Kaneke went into the shelter made of boughs where he slept, and returning with a flask of square–face gin, poured a stiff tot of it in to a pannikin, which he gave to Hans, who gulped it down.

"Now I am beginning to remember," said Hans, licking the edge of the empty tin. "They are angry with you, Kaneke, because they think that you have played a great trick upon them who being a wizard, have clothed a lot of spooks that serve you in the shapes of elephants and caused them to hunt us that you might laugh."

"Yet I have done nothing of the sort, Hans," answered Kaneke indignantly. "Am I a god that I can make elephants?"

"Oh no, Kaneke, certainly whatever you may be you are not a god. Nor indeed do I believe anything of this story, like those silly hunters. Yet for your own sake I hope that the next time you send us out hunting, nothing of this sort will happen, because, Kaneke, we can still shoot, and those hunters might be tempted to learn whether a wizard's skin can turn bullets. And now, as your toothache has gone, I will take that gin and give it back to the Baas, because he has not much of it, and even a wizard cannot make good gin."

Then Hans rose and snatched the bottle out of Kaneke's hand. I must add that to his credit he returned it to me undiminished, which—in Hans—was an act of great virtue.

Such was the end of that elephant–hunt, by means of which I had hoped to relieve the tedium of that strangely uneventful journey and to restore the moral tone of Tom and Jerry, also, to a lesser degree, that of Hans and myself. Certainly the first end was achieved, for whatever may be thought of our experiences at the meeting–place of elephants, and afterwards, they were not tedious. But of the second as much could not be said. Indeed, it left the hunters thoroughly frightened, the more so because they did not know exactly of what they were afraid.

All the circumstances of the business were unnatural. None of us had seen elephants behave as did those great herds, and the very mercy that the beasts showed to us was beyond experience.
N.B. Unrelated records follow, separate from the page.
(* For every integer $n \geq 1$, $\psi_{2}(2,n) = \chi(n)$, where $\psi_2(2,n)$ is the number of primitive two-dimensional words of dimension $2\times n$ over the binary alphabet $\{0,1\}$ and $\chi(n)=|\mathcal{T}_n|$ is the number of (similarity classes of) triangles having exact pedal period $n$.
   Context: A two-dimensional word of dimension $m\times n$ over an alphabet $\Sigma$ is a map $W:\{0,\dots,m-1\}\times\{0,\dots,n-1\}\to\Sigma$. For $W$ of dimension $m\times n$ and integers $p,q\ge1$, the power $W^{p\times q}$ is the word of dimension $pm\times qn$ with $W^{p\times q}[i,j]=W[i \bmod m, j\bmod n]$. A two-dimensional word is periodic if it equals $V^{p\times q}$ for some nonempty two-dimensional word $V$ with $p\ge2$ or $q\ge2$; otherwise it is primitive. $\psi_2(m,n)$ denotes the number of primitive two-dimensional words of dimension $m\times n$ over $\{0,1\}$. Triangles are represented up to similarity by sorted normalized angle triples: $\overline{C}=\{(a,b,c)\in\mathbb{R}^3 : a\ge b\ge c\ge 0,\ a+b+c=1\}$, $C=\{(a,b,c)\in\mathbb{R}^3: a\ge b\ge c>0,\ a+b+c=1\}$ (angles $a\pi,b\pi,c\pi$), and $C^*=\{(a,b,c)\in C: a\neq 1/2\}$. Partition $C^*$ into $R_0=\{a<1/2\}$, $R_1=\{2a-1\ge 2b,\ a>1/2\}$, $R_2=\{2b>2a-1\ge 2c,\ a>1/2\}$, $R_3=\{2c>2a-1,\ a>1/2\}$ (all within $C^*$). The sorted pedal map $P:C^*\to C$ is $P(a,b,c)=(1-2c,1-2b,1-2a)$ on $R_0$, $(2a-1,2b,2c)$ on $R_1$, $(2b,2a-1,2c)$ on $R_2$, $(2b,2c,2a-1)$ on $R_3$ (this is the angle map sending a triangle to its pedal/orthic triangle, followed by sorting). For $n\ge1$, $\mathcal{T}_n=\{p\in C : P^j(p)\text{ is defined for all }0\le j<n,\ P^n(p)=p,\ P^d(p)\ne p \text{ for all }1\le d<n\}$, the set of triangles of exact pedal period $n$, and $\chi(n)=|\mathcal{T}_n|$. *)

theory Defs
  imports Complex_Main
begin

text \<open>A two-dimensional word of dimension m x n over alphabet S is represented as an
extensional map on {0..<m} x {0..<n} (value undefined outside the domain).\<close>

definition words2 :: "nat \<Rightarrow> nat \<Rightarrow> 'a set \<Rightarrow> (nat \<times> nat \<Rightarrow> 'a) set" where
  "words2 m n S = {W. (\<forall>i j. i < m \<and> j < n \<longrightarrow> W (i, j) \<in> S) \<and>
                      (\<forall>i j. \<not> (i < m \<and> j < n) \<longrightarrow> W (i, j) = undefined)}"

definition power2 :: "(nat \<times> nat \<Rightarrow> 'a) \<Rightarrow> nat \<Rightarrow> nat \<Rightarrow> nat \<Rightarrow> nat \<Rightarrow> (nat \<times> nat \<Rightarrow> 'a)" where
  "power2 V a b p q = (\<lambda>(i, j). if i < p * a \<and> j < q * b then V (i mod a, j mod b) else undefined)"

definition periodic2 :: "nat \<Rightarrow> nat \<Rightarrow> 'a set \<Rightarrow> (nat \<times> nat \<Rightarrow> 'a) \<Rightarrow> bool" where
  "periodic2 m n S W \<longleftrightarrow> (\<exists>a b p q V. a \<ge> 1 \<and> b \<ge> 1 \<and> p \<ge> 1 \<and> q \<ge> 1 \<and> (p \<ge> 2 \<or> q \<ge> 2) \<and>
       p * a = m \<and> q * b = n \<and> V \<in> words2 a b S \<and> W = power2 V a b p q)"

definition psi2 :: "nat \<Rightarrow> nat \<Rightarrow> nat" where
  "psi2 m n = card {W \<in> words2 m n {0::nat, 1}. \<not> periodic2 m n {0, 1} W}"

definition Ctri :: "(real \<times> real \<times> real) set" where
  "Ctri = {(a, b, c). a \<ge> b \<and> b \<ge> c \<and> c > 0 \<and> a + b + c = 1}"

definition Cstar :: "(real \<times> real \<times> real) set" where
  "Cstar = {(a, b, c). (a, b, c) \<in> Ctri \<and> a \<noteq> 1/2}"

text \<open>Sorted pedal map; only meaningful on Cstar (the region conditions follow the paper).\<close>
definition pedal :: "real \<times> real \<times> real \<Rightarrow> real \<times> real \<times> real" where
  "pedal = (\<lambda>(a, b, c).
     if a < 1/2 then (1 - 2*c, 1 - 2*b, 1 - 2*a)
     else if 2*a - 1 \<ge> 2*b then (2*a - 1, 2*b, 2*c)
     else if 2*a - 1 \<ge> 2*c then (2*b, 2*a - 1, 2*c)
     else (2*b, 2*c, 2*a - 1))"

definition Tper :: "nat \<Rightarrow> (real \<times> real \<times> real) set" where
  "Tper n = {p \<in> Ctri. (\<forall>j < n. (pedal ^^ j) p \<in> Cstar) \<and> (pedal ^^ n) p = p \<and>
                       (\<forall>d. 1 \<le> d \<and> d < n \<longrightarrow> (pedal ^^ d) p \<noteq> p)}"

definition chi :: "nat \<Rightarrow> nat" where
  "chi n = card (Tper n)"

end

theory Submission
  imports Defs "HOL-Analysis.Brouwer_Fixpoint"
begin

text \<open>
  On each region \<open>R\<^sub>r\<close> the pedal map is affine and doubles the taxicab distance, so two
  n-periodic triangles that visit the regions in the same order (the same itinerary) coincide.
  Conversely, every n-periodic itinerary that visits \<open>R\<^sub>0\<close> or \<open>R\<^sub>3\<close> is realised: the n
  corresponding inverse branches compose to a continuous self-map of the compact convex set
  \<open>Cbar\<close>, and its Brouwer fixed point has the prescribed itinerary, because a degenerate or
  isosceles point on the boundary of a region would propagate along the periodic orbit and force
  the itinerary to be constantly 1 or constantly 0. Itineraries inside \<open>R\<^sub>1 \<union> R\<^sub>2\<close> are
  impossible, since there the smallest angle doubles. Writing each region as a column of two
  bits, with the constant columns reserved for \<open>R\<^sub>1\<close> and \<open>R\<^sub>2\<close>, the triangles of exact period n
  therefore correspond to the 2 x n binary words whose rows differ and whose columns have no
  proper period, which are exactly the primitive words.
\<close>

section \<open>Periodic sequences\<close>

lemma periodic_add_mult:
  fixes s :: "nat \<Rightarrow> 'a"
  assumes "\<And>k. s (k + n) = s k"
  shows "s (k + m * n) = s k"
proof (induction m)
  case (Suc m)
  have "s (k + Suc m * n) = s (k + m * n + n)" by (simp add: algebra_simps)
  with Suc assms show ?case by simp
qed simp

lemma periodic_mod:
  fixes s :: "nat \<Rightarrow> 'a"
  assumes "\<And>k. s (k + n) = s k"
  shows "s k = s (k mod n)"
  using periodic_add_mult[of s n "k mod n" "k div n", OF assms] by simp

lemma periodic_gcd:
  fixes s :: "nat \<Rightarrow> 'a"
  assumes d: "\<And>k. s (k + d) = s k" and n: "\<And>k. s (k + n) = s k"
  shows "s (k + gcd d n) = s k"
proof (cases "d = 0")
  case False
  then obtain x y where xy: "d * x = n * y + gcd d n" using bezout_nat by blast
  have "s (k + gcd d n) = s (k + gcd d n + y * n)" by (rule periodic_add_mult[symmetric], rule n)
  also have "k + gcd d n + y * n = k + x * d" using xy by (simp add: algebra_simps)
  also have "s (k + x * d) = s k" by (rule periodic_add_mult, rule d)
  finally show ?thesis .
qed (simp add: n)

lemma periodic_forward_invariant:
  assumes "n \<ge> 1" "\<And>k. Q (k + n) = Q k" "\<And>k. Q k \<Longrightarrow> Q (Suc k)" "Q j"
  shows "Q k"
proof -
  have "j \<le> k + j * n" using \<open>n \<ge> 1\<close> by (simp add: trans_le_add2)
  then have "Q (k + j * n)"
    by (induction rule: dec_induct) (use assms(3,4) in auto)
  then show ?thesis using periodic_add_mult[of Q n k j] assms(2) by simp
qed

lemma periodic_divisor:
  fixes t :: "nat \<Rightarrow> 'a"
  assumes "b dvd n" "n \<ge> 1" "\<And>k. t (k + n) = t k" "\<And>j. j < n \<Longrightarrow> t j = t (j mod b)"
  shows "t (k + b) = t k"
proof -
  have "t (k + b) = t ((k + b) mod n)" by (rule periodic_mod, rule assms(3))
  also have "\<dots> = t ((k + b) mod n mod b)" using \<open>n \<ge> 1\<close> by (intro assms(4)) simp
  also have "(k + b) mod n mod b = k mod n mod b" using \<open>b dvd n\<close> by (simp add: mod_mod_cancel)
  also have "t (k mod n mod b) = t (k mod n)" using \<open>n \<ge> 1\<close> by (intro assms(4)[symmetric]) simp
  also have "\<dots> = t k" by (rule periodic_mod[symmetric], rule assms(3))
  finally show ?thesis .
qed

lemma funpow_periodic_point:
  assumes "(f ^^ n) x = x"
  shows "(f ^^ n) ((f ^^ m) x) = (f ^^ m) x"
proof -
  have "(f ^^ n) ((f ^^ m) x) = (f ^^ (n + m)) x" by (simp add: funpow_add)
  also have "\<dots> = (f ^^ (m + n)) x" by (simp only: add.commute)
  also have "\<dots> = (f ^^ m) x" using assms by (simp add: funpow_add)
  finally show ?thesis .
qed

section \<open>The pedal map on its regions\<close>

definition Cbar :: "(real \<times> real \<times> real) set" where
  "Cbar = {(a, b, c). a \<ge> b \<and> b \<ge> c \<and> c \<ge> 0 \<and> a + b + c = 1}"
Why did not the old king–bull either run away or kill us there upon the ground? Why did it and the rest of them hunt us back to the camp in that fashion, yet without doing us any actual harm? No wonder that these uneducated men saw magic at work and were scared.

Thrusting such nonsense from my mind, for nonsense I knew it to be, I could not help remembering the odd coincidence that on this prolonged adventure of our expedition, nothing seemed to materialize. So far it had the inconsequence of a dream. Thus, at the beginning of it, when we expected a desperate fight for our lives, there was no fight, at least on our part. Only one shot was fired, that with which I killed the Arab Gaika, who, be it noted, was Kaneke's particular foe, whose death he ardently desired. In the same way when we went out with much preparation to slay elephants and found them in enormous numbers no shot was fired and the beasts chased us ignominiously back to our camp. Further, there were more incidents of the same kind which I need not particularize.

I was sick of the whole job and longed to escape. Indeed, that night I went to Kaneke and told him so, pointing out that the hunters were off their balance and that as I could not send them back alone I thought it would be well if he parted company with me and my men, as I proposed to retrace my steps towards the coast. Kaneke was much disturbed and argued with me, very politely at first, pointing out the many dangers of such a course. As I would not give way, he changed his tone, and told me flatly that what I proposed would mean the death of all four of us.

"At whose hands? Yours, Kaneke?" I asked.

"Certainly not, Lord," he answered. "However cruelly you break your bargain with me, and this after taking my pay," (here he was alluding to the cash and ivory which, like a fool, I had accepted), "I should not be base enough to lift a hand against one who saved my life at what he believed to be the risk of his own, although in truth no risk was run."